ほのかは笑っていた。オレと似たような悩みを軽く口にして。

「怒るなよ?オレは・・オマエを”ともだち”とも思ったことない。」
「えっ!?ちょっとそれは傷つくよ、おにいさん!」
「なんだろうなと不思議に思ってんだ・・オマエみたいにな。」
「ふぅん・・そうか、なっつんずっと困ってたのか。」
「まぁな。」
「しょうがないよね、わかんないんだから!」
「・・あぁ・・しょうがねぇよな。」
「・・ともだち・・が一番近いと思うんだけどなぁ?」
「・・そうだな、そうかも・・しれない。」
「どっちでもいいや。ほのかね、なっつんが好きだよ。」
「そりゃどーも・・」
「たまにはなっつんも言ってくれればいいのに。」
「・・他の誰に言われても嬉しいと思ったことねぇけど・・」
「え?・・あ、誰かに告白されたときのこと?」
「オマエに言われるのは・・別に・・悪くない。」
「わー!それは嬉しいね!?」
「結構ほのかのことすきになってきたんじゃない?」
「ちょっ調子のいいこと言ってんなよ。」
「キライじゃないくせに。」
「うるせー!・・生意気で図々しくてアホでガキだ。」
「ふんふん・・だから?キライなのかい?!」
「・・・・・知るか。」
「ちぇ・・言わないねぇ。」
「オレに”好きだ”と言わせたいのかよ?」
「ウウン、それはどっちでもいい。なっつん見てるのが面白い。」
「・・んだと、コラ!」
「それに今言ったじゃん。”好きだ”って。嬉しいよー!」
「今さっきのはちがうだろ!?アホかオマエは!」
「でも聞こえたもん。ともだちでもなんでも嬉しいものは嬉しいのさ。」

ほのかの素直な言葉はオレの頭を揺らした。
悔しくて小さな頭をわし掴んでぐしゃぐしゃと揺らした。
当然怒りはするが、楽しそうにオレに笑顔も見せる。
この顔は・・すきだ。けど言わない、言ったら誤解するから。
妹よりも腹立たしい。ともだちよりも愛しい。けど・・
オレはまだこの気持ちがなんなのか知らない。だから名付けない。
いつかわかるときがきたら、口にするのだろうか?
とてもそんなことは想像できない。一つだけわかることは、
誰の妹でもいい、誰とともだちだっていい、けど誰のものにもしたくない。
・・・変だよな。別にオレのものにしたいわけでもない・・んだが・・
他の誰かに”すきだよ”なんて言わせたくない。それだけは。

「誰にでもすきだとか言うんじゃねーよ、オマエは。」
「なんだ、やきもちかい?言わないよ、なっつんだけさ。」
「・・・マジで?」
「今のところ、他に言ったことないよ?あ、お兄ちゃんは別。」
「家族以外ではオレが最初か?」
「光栄におもいたまえ。」
「偉そうに・・オレは・・そういやまだ誰にも言ったことないな。

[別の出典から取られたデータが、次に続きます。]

text \<open>
  Colour the class \<open>C1\<close> with \<open>t\<close> colours so that only the identity of \<open>\<G>\<close> preserves
  this colouring, and give the vertices of \<open>C1\<close> with a nonzero colour fresh colours above all
  colours of \<open>c\<close>. The result is proper, uses at most \<open>\<chi>(G) + t - 1\<close> colours, and an
  automorphism preserving its classes maps \<open>C1\<close> onto itself, hence lies in \<open>\<G>\<close> and is the
  identity.

  Such a colouring of \<open>C1\<close> exists by double counting the pairs \<open>(A, col)\<close> with \<open>A\<close> fixing
  \<open>col\<close>. A colouring fixed by \<open>A\<close> is constant on the orbits of \<open>\<langle>A\<rangle>\<close>, so there are at most
  \<open>t^\<theta>\<^sub>A\<close> of them; the stabiliser of a colouring is a subgroup of \<open>\<G>\<close>, so by Lagrange
  it has order at least \<open>r\<close> unless it is trivial. If no stabiliser were trivial we would get
  \<open>r t^|C1| \<le> \<Sum>\<^sub>A t^\<theta>\<^sub>A\<close>, contrary to the hypothesis.

  For the second statement, orbits of size one are fixed points, so \<open>2\<theta>\<^sub>A \<le> |C1| + fix(A)\<close>;
  the bound on \<open>F(C1)\<close> then makes every non-identity term smaller than \<open>1/|\<G>|\<close>, and the
  whole sum is smaller than \<open>2 \<le> r\<close>.
\<close>

(* For n = 1 there is no prime divisor, and the value is unspecified. *)
definition least_prime_divisor :: "nat \<Rightarrow> nat" where
  "least_prime_divisor n = (LEAST p. prime p \<and> p dvd n)"

lemma least_prime_divisor_le: "prime p \<Longrightarrow> p dvd n \<Longrightarrow> least_prime_divisor n \<le> p"
  unfolding least_prime_divisor_def by (simp add: Least_le)

lemma two_le_least_prime_divisor:
  assumes "n \<noteq> 1"
  shows "2 \<le> least_prime_divisor n"
proof -
  obtain p where "prime p \<and> p dvd n" using prime_factor_nat[OF assms] by blast
  then have "prime (least_prime_divisor n) \<and> least_prime_divisor n dvd n"
    unfolding least_prime_divisor_def by (rule LeastI)
  then show ?thesis using prime_ge_2_nat by blast
qed

lemma card_filter_eq_sum: "finite A \<Longrightarrow> card {x \<in> A. P x} = (\<Sum>x\<in>A. if P x then 1 else 0)"
  by (simp add: sum.inter_filter[symmetric])

lemma sum_card_filter_swap:
  assumes "finite X" "finite Y"
  shows "(\<Sum>x\<in>X. card {y \<in> Y. P x y}) = (\<Sum>y\<in>Y. card {x \<in> X. P x y})"
  using assms by (simp add: card_filter_eq_sum sum.swap[of _ X Y])

section \<open>Orbits of a permutation on an invariant set\<close>

lemma num_orbits_eq_card_orbits: "permutation f \<Longrightarrow> num_orbits f S = card (orbit f ` S)"
  unfolding num_orbits_def by (simp add: orbit_altdef_permutation Setcompr_eq_image)

lemma orbit_subset_invariant_set:
  assumes "f ` S \<subseteq> S" "x \<in> S"
  shows "orbit f x \<subseteq> S"
proof
  fix y assume "y \<in> orbit f x"
  then show "y \<in> S" by induction (use assms in auto)
qed

lemma invariant_coloring_const_on_orbit:
  assumes "f ` S \<subseteq> S" "x \<in> S" "\<forall>v\<in>S. col (f v) = col v" "y \<in> orbit f x"
  shows "col y = col x"
  using assms(4)
proof (induction rule: orbit.induct)
  case base
  show ?case using assms(2,3) by blast
next
  case (step y)
  then have "y \<in> S" using orbit_subset_invariant_set[OF assms(1,2)] by blast
  then show ?case using assms(3) step.IH by simp
qed

lemma card_invariant_colorings_le:
  assumes f: "permutation f" and fin: "finite S" "finite K" and inv: "f ` S \<subseteq> S"
  shows "card {col \<in> S \<rightarrow>\<^sub>E K. \<forall>v\<in>S. col (f v) = col v} \<le> card K ^ num_orbits f S"
    (is "card ?Inv \<le> _")
proof -
  define Orb where "Orb = orbit f ` S"
  define rep where "rep col = (\<lambda>Q\<in>Orb. col (SOME x. x \<in> Q))" for col :: "'a \<Rightarrow> 'b"
  have rep_in_orbit: "(SOME y. y \<in> orbit f x) \<in> orbit f x" for x
    using permutation_self_in_orbit[OF f] by (rule someI)
  have "rep ` ?Inv \<subseteq> Orb \<rightarrow>\<^sub>E K"
    using rep_in_orbit orbit_subset_invariant_set[OF inv]
    by (fastforce simp: rep_def Orb_def PiE_iff)
  moreover have "inj_on rep ?Inv"
  proof (rule inj_onI)
    fix col1 col2 assume col: "col1 \<in> ?Inv" "col2 \<in> ?Inv" "rep col1 = rep col2"
    have "col1 v = col2 v" if v: "v \<in> S" for v
    proof -
      let ?s = "SOME y. y \<in> orbit f v"
      have "rep col1 (orbit f v) = rep col2 (orbit f v)" using col(3) by simp
      then have "col1 ?s = col2 ?s" using v by (simp add: rep_def Orb_def)
      moreover have "col1 ?s = col1 v"
        using col(1) by (intro invariant_coloring_const_on_orbit[OF inv v _ rep_in_orbit]) simp
      moreover have "col2 ?s = col2 v"
        using col(2) by (intro invariant_coloring_const_on_orbit[OF inv v _ rep_in_orbit]) simp
      ultimately show "col1 v = col2 v" by simp
    qed
    then show "col1 = col2" using col(1,2) by (intro PiE_ext[of col1 S "\<lambda>_. K"]) auto
  qed
  ultimately have "card ?Inv \<le> card (Orb \<rightarrow>\<^sub>E K)"
    using fin by (intro card_inj_on_le) (auto simp: Orb_def finite_PiE)
  also have "\<dots> = card K ^ num_orbits f S"
    using fin f by (simp add: card_PiE Orb_def num_orbits_eq_card_orbits)
  finally show ?thesis .
qed

lemma card_eq_sum_card_orbits:
  assumes f: "permutation f" and fin: "finite S" and inv: "f ` S \<subseteq> S"
  shows "card S = (\<Sum>Q\<in>orbit f ` S. card Q)"
proof -
  have finite_orbit: "finite Q" if "Q \<in> orbit f ` S" for Q
  proof -
    have "Q \<subseteq> S" using that orbit_subset_invariant_set[OF inv] by auto
    then show ?thesis using fin by (rule finite_subset)
  qed
  have orbit_eq: "y \<in> orbit f x \<Longrightarrow> orbit f y = orbit f x" for x y
    by (rule orbit_cyclic_eq3[OF cyclic_on_orbit'[OF f]])
  have disjoint: "pairwise disjnt (orbit f ` S)"
  proof (rule pairwiseI)
    fix P Q assume "P \<in> orbit f ` S" "Q \<in> orbit f ` S" "P \<noteq> Q"
    then obtain x y where xy: "P = orbit f x" "Q = orbit f y" by auto
    have "P = orbit f z \<and> Q = orbit f z" if "z \<in> P \<inter> Q" for z
      using that orbit_eq[of z x] orbit_eq[of z y] xy by auto
    then show "disjnt P Q" using \<open>P \<noteq> Q\<close> by (auto simp: disjnt_def)
  qed
  have "\<Union>(orbit f ` S) = S"
    using orbit_subset_invariant_set[OF inv] permutation_self_in_orbit[OF f] by auto
  then show ?thesis using card_Union_disjoint[OF disjoint finite_orbit] by simp
qed

lemma two_num_orbits_le:
  assumes f: "permutation f" and fin: "finite S" and inv: "f ` S \<subseteq> S"
  shows "2 * num_orbits f S \<le> card S + card {v \<in> S. f v = v}"
proof -
  define Orb where "Orb = orbit f ` S"
  have "{Q \<in> Orb. card Q = 1} \<subseteq> orbit f ` {v \<in> S. f v = v}"
  proof
    fix Q assume "Q \<in> {Q \<in> Orb. card Q = 1}"
    then obtain x where x: "x \<in> S" "Q = orbit f x" "card Q = 1" by (auto simp: Orb_def)
    obtain y where "Q = {y}" using x(3) by (rule card_1_singletonE)
    moreover have "x \<in> Q" using x(2) permutation_self_in_orbit[OF f] by simp
    ultimately have "orbit f x = {x}" using x(2) by simp
    then have "f x = x" by (simp only: orbit_eq_singleton_iff)
    then show "Q \<in> orbit f ` {v \<in> S. f v = v}" using x(1,2) by blast
  qed
  then have "card {Q \<in> Orb. card Q = 1} \<le> card (orbit f ` {v \<in> S. f v = v})"
    using fin by (intro card_mono) auto
  also have "\<dots> \<le> card {v \<in> S. f v = v}"
    using fin by (intro card_image_le) auto
  finally have card_singletons: "card {Q \<in> Orb. card Q = 1} \<le> card {v \<in> S. f v = v}" .
  have "2 * card Orb = (\<Sum>Q\<in>Orb. 2)" by simp
  also have "\<dots> \<le> (\<Sum>Q\<in>Orb. card Q + (if card Q = 1 then 1 else 0))"
  proof (rule sum_mono)
    fix Q assume "Q \<in> Orb"
    then have "Q \<noteq> {}" "Q \<subseteq> S"
      using permutation_self_in_orbit[OF f] orbit_subset_invariant_set[OF inv] by (auto simp: Orb_def)
    then have "0 < card Q" using fin by (simp add: card_gt_0_iff finite_subset)
    then show "2 \<le> card Q + (if card Q = 1 then 1 else 0)" by (cases "card Q = 1") simp_all
  qed
  also have "\<dots> = card S + card {Q \<in> Orb. card Q = 1}"
    using fin card_eq_sum_card_orbits[OF f fin inv]
    by (simp add: Orb_def sum.distrib card_filter_eq_sum)
  finally show ?thesis
    using card_singletons f by (simp add: num_orbits_eq_card_orbits Orb_def)
qed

」
「マジで?!ほのかが最初っ!?」
「オマエにも言ってないだろうがっ!」
「言ったじゃん!」
「言ってねぇよ!」

オレとオマエの関係はきっと誰にもわからない。
わからなくていい。教えてもらう必要もない。
もし未来に、誰にでもわかる関係になっていたとしても
それだけじゃないのだということがオレにはわかる。
そしてそれをわかってくれるのは・・ほのかだけだろう。







夢見るなっつん。(笑)特別なんです、区別したいんです。